WHAT IS REQUIRED:
When the line containing "z] z by auto" appears in the entries below, begin printing there and stop after the line containing "add: norm_cauchy_term abs_coeff_def)"; print each of those lines exactly and no other line.

(DATA FOR THE TASK begins)

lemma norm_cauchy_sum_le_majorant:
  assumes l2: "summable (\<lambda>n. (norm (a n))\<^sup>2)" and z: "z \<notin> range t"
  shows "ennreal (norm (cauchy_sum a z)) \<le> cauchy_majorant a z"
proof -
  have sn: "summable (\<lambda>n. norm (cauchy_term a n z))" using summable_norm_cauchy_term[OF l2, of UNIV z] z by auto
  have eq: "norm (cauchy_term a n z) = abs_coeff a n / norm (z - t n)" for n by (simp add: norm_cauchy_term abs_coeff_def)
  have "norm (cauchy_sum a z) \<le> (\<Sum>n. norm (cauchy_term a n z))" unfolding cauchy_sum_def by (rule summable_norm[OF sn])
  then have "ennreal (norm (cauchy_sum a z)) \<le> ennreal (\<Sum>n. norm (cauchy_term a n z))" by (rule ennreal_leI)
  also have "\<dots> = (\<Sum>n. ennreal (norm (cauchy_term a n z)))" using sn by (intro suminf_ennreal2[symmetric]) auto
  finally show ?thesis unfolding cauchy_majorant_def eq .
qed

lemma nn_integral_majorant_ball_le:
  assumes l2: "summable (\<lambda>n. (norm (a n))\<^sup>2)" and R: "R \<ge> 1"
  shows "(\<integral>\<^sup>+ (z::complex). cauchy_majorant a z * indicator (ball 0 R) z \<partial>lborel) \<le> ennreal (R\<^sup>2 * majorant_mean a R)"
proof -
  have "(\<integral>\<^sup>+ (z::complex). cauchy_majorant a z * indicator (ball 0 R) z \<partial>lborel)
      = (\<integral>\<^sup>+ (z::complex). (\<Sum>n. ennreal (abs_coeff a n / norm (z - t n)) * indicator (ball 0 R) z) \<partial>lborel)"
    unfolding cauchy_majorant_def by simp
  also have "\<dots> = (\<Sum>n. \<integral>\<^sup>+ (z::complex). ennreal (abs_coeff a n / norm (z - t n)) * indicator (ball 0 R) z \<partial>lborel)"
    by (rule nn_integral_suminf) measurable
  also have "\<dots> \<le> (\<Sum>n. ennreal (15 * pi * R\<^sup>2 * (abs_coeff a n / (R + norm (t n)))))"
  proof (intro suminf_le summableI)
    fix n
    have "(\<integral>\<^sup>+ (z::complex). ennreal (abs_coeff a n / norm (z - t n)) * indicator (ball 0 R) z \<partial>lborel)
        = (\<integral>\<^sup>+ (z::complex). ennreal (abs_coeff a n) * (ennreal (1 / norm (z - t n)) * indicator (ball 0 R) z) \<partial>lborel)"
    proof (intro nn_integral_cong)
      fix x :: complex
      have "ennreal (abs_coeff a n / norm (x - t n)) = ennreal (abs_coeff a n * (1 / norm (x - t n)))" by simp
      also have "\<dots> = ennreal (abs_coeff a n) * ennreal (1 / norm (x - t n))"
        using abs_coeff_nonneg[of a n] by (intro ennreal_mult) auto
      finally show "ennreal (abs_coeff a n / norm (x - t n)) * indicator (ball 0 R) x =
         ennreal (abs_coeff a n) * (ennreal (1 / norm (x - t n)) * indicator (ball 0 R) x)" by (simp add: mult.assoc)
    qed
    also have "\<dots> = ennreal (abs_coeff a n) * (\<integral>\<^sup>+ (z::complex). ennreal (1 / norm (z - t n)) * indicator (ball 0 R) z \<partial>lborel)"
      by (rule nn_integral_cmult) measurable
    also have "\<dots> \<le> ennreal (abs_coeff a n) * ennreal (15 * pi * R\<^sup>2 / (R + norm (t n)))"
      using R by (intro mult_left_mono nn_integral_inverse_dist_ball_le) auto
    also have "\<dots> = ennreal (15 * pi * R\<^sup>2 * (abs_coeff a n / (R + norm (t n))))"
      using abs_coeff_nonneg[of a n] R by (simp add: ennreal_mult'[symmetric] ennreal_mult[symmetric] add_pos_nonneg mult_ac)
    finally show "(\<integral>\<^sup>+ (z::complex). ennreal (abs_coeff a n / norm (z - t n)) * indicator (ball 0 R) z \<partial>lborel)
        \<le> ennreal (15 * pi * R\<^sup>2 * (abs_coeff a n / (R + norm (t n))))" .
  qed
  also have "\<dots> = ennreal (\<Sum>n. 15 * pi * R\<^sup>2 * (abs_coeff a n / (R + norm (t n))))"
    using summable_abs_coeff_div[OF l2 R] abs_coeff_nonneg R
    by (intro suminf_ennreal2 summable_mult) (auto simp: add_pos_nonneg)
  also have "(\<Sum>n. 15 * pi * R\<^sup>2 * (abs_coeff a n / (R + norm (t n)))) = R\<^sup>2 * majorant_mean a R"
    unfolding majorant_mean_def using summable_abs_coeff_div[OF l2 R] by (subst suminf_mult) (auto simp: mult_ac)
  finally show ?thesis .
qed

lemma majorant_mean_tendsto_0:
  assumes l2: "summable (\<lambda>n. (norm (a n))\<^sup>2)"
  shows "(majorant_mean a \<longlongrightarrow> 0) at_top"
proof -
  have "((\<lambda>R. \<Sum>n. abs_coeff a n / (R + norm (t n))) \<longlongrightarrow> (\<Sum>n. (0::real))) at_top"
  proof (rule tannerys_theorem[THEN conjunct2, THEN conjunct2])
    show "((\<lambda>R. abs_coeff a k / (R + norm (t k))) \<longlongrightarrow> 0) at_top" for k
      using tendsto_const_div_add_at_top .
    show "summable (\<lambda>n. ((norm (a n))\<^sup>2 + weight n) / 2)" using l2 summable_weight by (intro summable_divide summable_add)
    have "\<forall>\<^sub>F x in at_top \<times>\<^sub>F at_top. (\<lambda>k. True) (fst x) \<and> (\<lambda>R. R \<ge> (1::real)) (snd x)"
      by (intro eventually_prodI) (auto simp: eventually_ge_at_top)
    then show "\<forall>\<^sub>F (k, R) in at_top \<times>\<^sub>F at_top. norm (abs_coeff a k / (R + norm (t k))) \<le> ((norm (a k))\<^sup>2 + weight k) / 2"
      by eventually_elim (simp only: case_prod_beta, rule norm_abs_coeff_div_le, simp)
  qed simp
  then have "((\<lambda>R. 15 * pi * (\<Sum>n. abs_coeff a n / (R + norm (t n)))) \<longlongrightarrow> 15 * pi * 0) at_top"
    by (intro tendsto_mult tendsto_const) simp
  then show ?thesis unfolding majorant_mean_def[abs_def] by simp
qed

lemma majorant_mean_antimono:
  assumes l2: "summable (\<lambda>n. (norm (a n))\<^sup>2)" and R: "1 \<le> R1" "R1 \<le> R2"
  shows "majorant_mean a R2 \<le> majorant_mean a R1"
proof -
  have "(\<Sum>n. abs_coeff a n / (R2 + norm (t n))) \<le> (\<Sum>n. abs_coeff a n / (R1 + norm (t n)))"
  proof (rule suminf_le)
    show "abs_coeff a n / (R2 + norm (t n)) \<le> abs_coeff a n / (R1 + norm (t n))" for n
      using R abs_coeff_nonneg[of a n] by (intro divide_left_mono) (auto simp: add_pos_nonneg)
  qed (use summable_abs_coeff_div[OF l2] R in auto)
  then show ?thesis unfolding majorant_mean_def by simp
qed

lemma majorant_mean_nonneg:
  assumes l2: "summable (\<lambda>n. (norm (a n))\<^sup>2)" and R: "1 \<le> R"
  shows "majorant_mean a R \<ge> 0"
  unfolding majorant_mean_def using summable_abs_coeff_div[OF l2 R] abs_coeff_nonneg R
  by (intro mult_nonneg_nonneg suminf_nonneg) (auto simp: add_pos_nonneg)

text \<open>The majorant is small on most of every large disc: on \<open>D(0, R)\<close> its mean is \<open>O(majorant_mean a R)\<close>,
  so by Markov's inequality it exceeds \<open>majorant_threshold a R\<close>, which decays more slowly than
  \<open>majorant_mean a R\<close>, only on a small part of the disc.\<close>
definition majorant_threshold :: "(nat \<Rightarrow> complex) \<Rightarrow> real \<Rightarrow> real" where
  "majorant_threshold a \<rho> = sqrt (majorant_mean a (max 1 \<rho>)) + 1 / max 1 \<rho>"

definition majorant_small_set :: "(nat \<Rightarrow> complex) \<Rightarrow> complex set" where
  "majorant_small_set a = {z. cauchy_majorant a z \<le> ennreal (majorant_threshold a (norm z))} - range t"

(DATA FOR THE TASK ends)
(DATA FOR THE TASK begins)

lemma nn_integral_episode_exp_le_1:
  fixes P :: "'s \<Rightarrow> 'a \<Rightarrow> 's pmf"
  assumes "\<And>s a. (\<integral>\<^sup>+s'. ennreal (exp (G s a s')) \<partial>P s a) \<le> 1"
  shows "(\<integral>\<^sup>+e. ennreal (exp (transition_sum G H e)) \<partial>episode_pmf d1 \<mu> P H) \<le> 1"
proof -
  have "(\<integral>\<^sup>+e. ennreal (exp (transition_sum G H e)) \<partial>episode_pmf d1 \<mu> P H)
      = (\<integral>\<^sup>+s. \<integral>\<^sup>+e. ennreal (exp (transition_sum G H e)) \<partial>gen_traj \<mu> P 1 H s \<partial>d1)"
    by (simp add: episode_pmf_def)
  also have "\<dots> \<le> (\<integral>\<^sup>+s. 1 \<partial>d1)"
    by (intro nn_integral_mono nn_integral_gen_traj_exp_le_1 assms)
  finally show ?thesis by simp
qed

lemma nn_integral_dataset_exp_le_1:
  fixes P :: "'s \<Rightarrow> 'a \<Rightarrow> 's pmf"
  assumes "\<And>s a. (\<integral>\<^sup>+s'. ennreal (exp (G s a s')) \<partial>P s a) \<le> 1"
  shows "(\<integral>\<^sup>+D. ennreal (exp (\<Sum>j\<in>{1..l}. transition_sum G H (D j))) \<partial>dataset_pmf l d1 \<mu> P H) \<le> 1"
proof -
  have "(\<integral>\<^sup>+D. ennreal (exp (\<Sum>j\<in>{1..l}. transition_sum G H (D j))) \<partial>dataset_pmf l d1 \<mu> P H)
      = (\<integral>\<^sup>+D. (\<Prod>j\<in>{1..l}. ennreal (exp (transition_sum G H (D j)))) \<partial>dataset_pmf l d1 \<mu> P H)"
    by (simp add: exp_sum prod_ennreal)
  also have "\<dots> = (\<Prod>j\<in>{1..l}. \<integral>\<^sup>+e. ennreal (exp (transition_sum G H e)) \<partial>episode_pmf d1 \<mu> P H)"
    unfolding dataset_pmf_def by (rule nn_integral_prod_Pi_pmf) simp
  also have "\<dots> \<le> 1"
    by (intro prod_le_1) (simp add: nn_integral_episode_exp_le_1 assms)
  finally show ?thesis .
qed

(DATA FOR THE TASK ends)
(DATA FOR THE TASK begins)

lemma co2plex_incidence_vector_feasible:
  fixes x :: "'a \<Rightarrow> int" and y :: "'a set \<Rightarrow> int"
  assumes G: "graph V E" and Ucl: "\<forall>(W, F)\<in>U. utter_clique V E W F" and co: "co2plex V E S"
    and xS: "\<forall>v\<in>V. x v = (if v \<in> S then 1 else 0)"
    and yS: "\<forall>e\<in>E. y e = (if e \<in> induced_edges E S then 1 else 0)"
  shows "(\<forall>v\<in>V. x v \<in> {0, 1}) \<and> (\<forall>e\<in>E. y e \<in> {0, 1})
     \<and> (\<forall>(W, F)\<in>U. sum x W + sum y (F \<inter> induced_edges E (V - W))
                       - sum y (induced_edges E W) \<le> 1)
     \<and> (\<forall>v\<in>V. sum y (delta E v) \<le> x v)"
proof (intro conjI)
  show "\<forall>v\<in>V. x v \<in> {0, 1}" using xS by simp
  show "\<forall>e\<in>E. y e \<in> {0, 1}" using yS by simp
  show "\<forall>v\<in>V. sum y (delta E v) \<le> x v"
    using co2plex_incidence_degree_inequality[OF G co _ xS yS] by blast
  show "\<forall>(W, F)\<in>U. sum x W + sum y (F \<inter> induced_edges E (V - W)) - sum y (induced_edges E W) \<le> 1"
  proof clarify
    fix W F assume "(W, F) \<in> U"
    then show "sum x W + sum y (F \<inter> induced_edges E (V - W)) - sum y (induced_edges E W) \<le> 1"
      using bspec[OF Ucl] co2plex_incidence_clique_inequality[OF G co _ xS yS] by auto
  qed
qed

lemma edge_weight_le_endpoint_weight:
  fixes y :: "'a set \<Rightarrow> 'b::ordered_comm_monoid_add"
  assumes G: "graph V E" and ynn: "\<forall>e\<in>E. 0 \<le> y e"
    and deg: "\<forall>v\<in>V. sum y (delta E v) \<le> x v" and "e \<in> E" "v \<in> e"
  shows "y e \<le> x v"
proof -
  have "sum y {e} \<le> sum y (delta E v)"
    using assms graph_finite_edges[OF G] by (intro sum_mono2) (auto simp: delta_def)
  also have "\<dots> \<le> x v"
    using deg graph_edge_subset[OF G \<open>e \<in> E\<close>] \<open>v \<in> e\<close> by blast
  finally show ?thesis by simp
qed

(DATA FOR THE TASK ends)

RESPONSE AREA:
  have sn: "summable (\<lambda>n. norm (cauchy_term a n z))" using summable_norm_cauchy_term[OF l2, of UNIV z] z by auto
  have eq: "norm (cauchy_term a n z) = abs_coeff a n / norm (z - t n)" for n by (simp add: norm_cauchy_term abs_coeff_def)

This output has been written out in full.